(Data to process Opens)

text \<open>Call a pair \<open>{u, v}\<close> balanced if it lies in one more odd than even triangle, i.e. in
  exactly \<open>(|V| - 1) / 2\<close> odd triangles. An edge \<open>vw\<close> of \<open>Y(\<Sigma>)\<close> makes every triangle on
  \<open>vw\<close> odd, so (as \<open>|V| \<ge> 4\<close>) \<open>{v, w}\<close> itself is not balanced, while every pair \<open>{u, v}\<close> with \<open>u \<noteq> w\<close> is.
  The four triangles on four vertices contain an even number of odd ones; for a triangle \<open>abc\<close>
  whose three pairs are balanced this turns the three counts into \<open>|V| = 4k + 3\<close> if \<open>abc\<close> is
  odd and \<open>|V| = 4k + 1\<close> if it is even.

  Given two different edges \<open>vw\<close> and \<open>v'w'\<close> of \<open>Y(\<Sigma>)\<close>, these facts first force the four
  endpoints to be distinct. Then the balanced pair \<open>{v, v'}\<close> gives a contradiction: if
  \<open>|V| \<equiv> 3 (mod 4)\<close> all triangles on it are odd; otherwise only \<open>vv'w\<close> and \<open>vv'w'\<close> are, so
  \<open>|V| = 5\<close>, and the fifth vertex \<open>u\<close> lies in at most one odd triangle with \<open>v\<close>.\<close>

lemma card_Collect_eq_sum_of_bool:
  "finite A \<Longrightarrow> card {x \<in> A. P x} = (\<Sum>x\<in>A. of_bool (P x))"
  by (simp add: Collect_conj_eq Int_commute)

lemma card_Collect_not:
  assumes "finite A"
  shows "card {x \<in> A. P x} + card {x \<in> A. \<not> P x} = card A"
proof -
  have "(\<Sum>x\<in>A. of_bool (P x)) + (\<Sum>x\<in>A. of_bool (\<not> P x)) = card A"
    by (simp only: card_eq_sum flip: sum.distrib) (rule sum.cong; simp)
  then show ?thesis by (simp only: card_Collect_eq_sum_of_bool[OF assms])
qed

lemma card_Collect_xor:
  assumes "finite A"
  shows "card {x \<in> A. P x \<noteq> Q x} + 2 * card {x \<in> A. P x \<and> Q x} = card {x \<in> A. P x} + card {x \<in> A. Q x}"
proof -
  have "(\<Sum>x\<in>A. of_bool (P x \<noteq> Q x)) + 2 * (\<Sum>x\<in>A. of_bool (P x \<and> Q x)) =
      (\<Sum>x\<in>A. of_bool (P x)) + (\<Sum>x\<in>A. of_bool (Q x) :: nat)"
    by (simp only: sum_distrib_left flip: sum.distrib) (rule sum.cong; auto)
  then show ?thesis by (simp only: card_Collect_eq_sum_of_bool[OF assms])
qed

lemma odd_triangle_commute:
  "odd_triangle S b a c = odd_triangle S a b c"
  "odd_triangle S a c b = odd_triangle S a b c"
  unfolding odd_triangle_def by (simp_all add: insert_commute)

lemma odd_triangle_iff_edges:
  assumes "distinct [a, b, c]"
  shows "odd_triangle S a b c \<longleftrightarrow> ({a, b} \<in> S \<longleftrightarrow> ({a, c} \<in> S \<longleftrightarrow> {b, c} \<in> S))"
  using assms
  by (cases "{a, b} \<in> S"; cases "{a, c} \<in> S"; cases "{b, c} \<in> S")
     (simp_all add: odd_triangle_def Int_insert_right doubleton_eq_iff)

(Data to process Closes)

Aim of the exercise: Search each line of the data above for "flip", and copy the lines where it occurs.

Response:
    by (simp only: card_eq_sum flip: sum.distrib) (rule sum.cong; simp)
    by (simp only: sum_distrib_left flip: sum.distrib) (rule sum.cong; auto)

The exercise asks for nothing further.